What is expected:
Copy every line of the material below exactly.

Data in this exercise:
lemma eventually_not_in_sigma_sets:
  assumes "lam \<longlonglongrightarrow> 0" "mu \<longlonglongrightarrow> 0" "p \<noteq> 0"
  shows "\<forall>\<^sub>F w in at p. w \<notin> sigma_set lam \<union> sigma_set mu"
  using eventually_conj[OF eventually_not_in_sigma_set eventually_not_in_sigma_set] assms by simp

lemma Phi_props_isolated_nonessential:
  assumes "lam \<longlonglongrightarrow> 0" "mu \<longlonglongrightarrow> 0" "Phi_props lam mu g" "p \<noteq> 0"
  shows "isolated_singularity_at g p" "not_essential g p" "\<exists>\<^sub>F w in at p. g w \<noteq> 0"
proof -
  have ev: "\<forall>\<^sub>F w in at p. w \<notin> sigma_set lam \<union> sigma_set mu"
    using eventually_not_in_sigma_sets assms by blast
  then obtain r where "r > 0" and r: "\<forall>w. w \<noteq> p \<and> dist w p < r \<longrightarrow> w \<notin> sigma_set lam \<union> sigma_set mu"
    unfolding eventually_at by blast
  hence "ball p r - {p} \<subseteq> - sigma_set lam" by (auto simp: dist_commute)
  have holo: "g holomorphic_on - sigma_set lam"
    using assms(3) by (simp add: Phi_props_def)
  show "isolated_singularity_at g p"
    by (rule isolated_singularity_at_holomorphic[OF holomorphic_on_subset[OF holo]])
       (use \<open>r > 0\<close> \<open>ball p r - {p} \<subseteq> - sigma_set lam\<close> in auto)
  show "\<exists>\<^sub>F w in at p. g w \<noteq> 0"
    using ev Phi_props_nonzero[OF assms(3)] by (auto intro: eventually_frequently elim!: eventually_mono)
  show "not_essential g p"
  proof (cases "p \<in> sigma_set lam")
    case True
    then obtain k where "p = complex_of_real ((lam k)\<^sup>2)"
      using \<open>p \<noteq> 0\<close> by (auto simp: sigma_set_def)
    thus ?thesis using assms(3) by (simp add: Phi_props_def not_essential_def)
  next
    case False
    hence "isCont g p"
      using holo open_Compl_sigma_set[OF assms(1)]
      by (meson ComplI holomorphic_on_imp_continuous_on continuous_on_eq_continuous_at)
    thus ?thesis by (auto simp: not_essential_def isCont_def)
  qed
qed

Response box:
lemma eventually_not_in_sigma_sets:
  assumes "lam \<longlonglongrightarrow> 0" "mu \<longlonglongrightarrow> 0" "p \<noteq> 0"
  shows "\<forall>\<^sub>F w in at p. w \<notin> sigma_set lam \<union> sigma_set mu"
  using eventually_conj[OF eventually_not_in_sigma_set eventually_not_in_sigma_set] assms by simp

lemma Phi_props_isolated_nonessential:
  assumes "lam \<longlonglongrightarrow> 0" "mu \<longlonglongrightarrow> 0" "Phi_props lam mu g" "p \<noteq> 0"
  shows "isolated_singularity_at g p" "not_essential g p" "\<exists>\<^sub>F w in at p. g w \<noteq> 0"
proof -
  have ev: "\<forall>\<^sub>F w in at p. w \<notin> sigma_set lam \<union> sigma_set mu"
    using eventually_not_in_sigma_sets assms by blast
  then obtain r where "r > 0" and r: "\<forall>w. w \<noteq> p \<and> dist w p < r \<longrightarrow> w \<notin> sigma_set lam \<union> sigma_set mu"
    unfolding eventually_at by blast
  hence "ball p r - {p} \<subseteq> - sigma_set lam" by (auto simp: dist_commute)
  have holo: "g holomorphic_on - sigma_set lam"
    using assms(3) by (simp add: Phi_props_def)
  show "isolated_singularity_at g p"
    by (rule isolated_singularity_at_holomorphic[OF holomorphic_on_subset[OF holo]])
       (use \<open>r > 0\<close> \<open>ball p r - {p} \<subseteq> - sigma_set lam\<close> in auto)
  show "\<exists>\<^sub>F w in at p. g w \<noteq> 0"
    using ev Phi_props_nonzero[OF assms(3)] by (auto intro: eventually_frequently elim!: eventually_mono)
  show "not_essential g p"
  proof (cases "p \<in> sigma_set lam")
    case True
    then obtain k where "p = complex_of_real ((lam k)\<^sup>2)"
      using \<open>p \<noteq> 0\<close> by (auto simp: sigma_set_def)
    thus ?thesis using assms(3) by (simp add: Phi_props_def not_essential_def)
  next
    case False
    hence "isCont g p"
      using holo open_Compl_sigma_set[OF assms(1)]
      by (meson ComplI holomorphic_on_imp_continuous_on continuous_on_eq_continuous_at)
    thus ?thesis by (auto simp: not_essential_def isCont_def)
  qed
qed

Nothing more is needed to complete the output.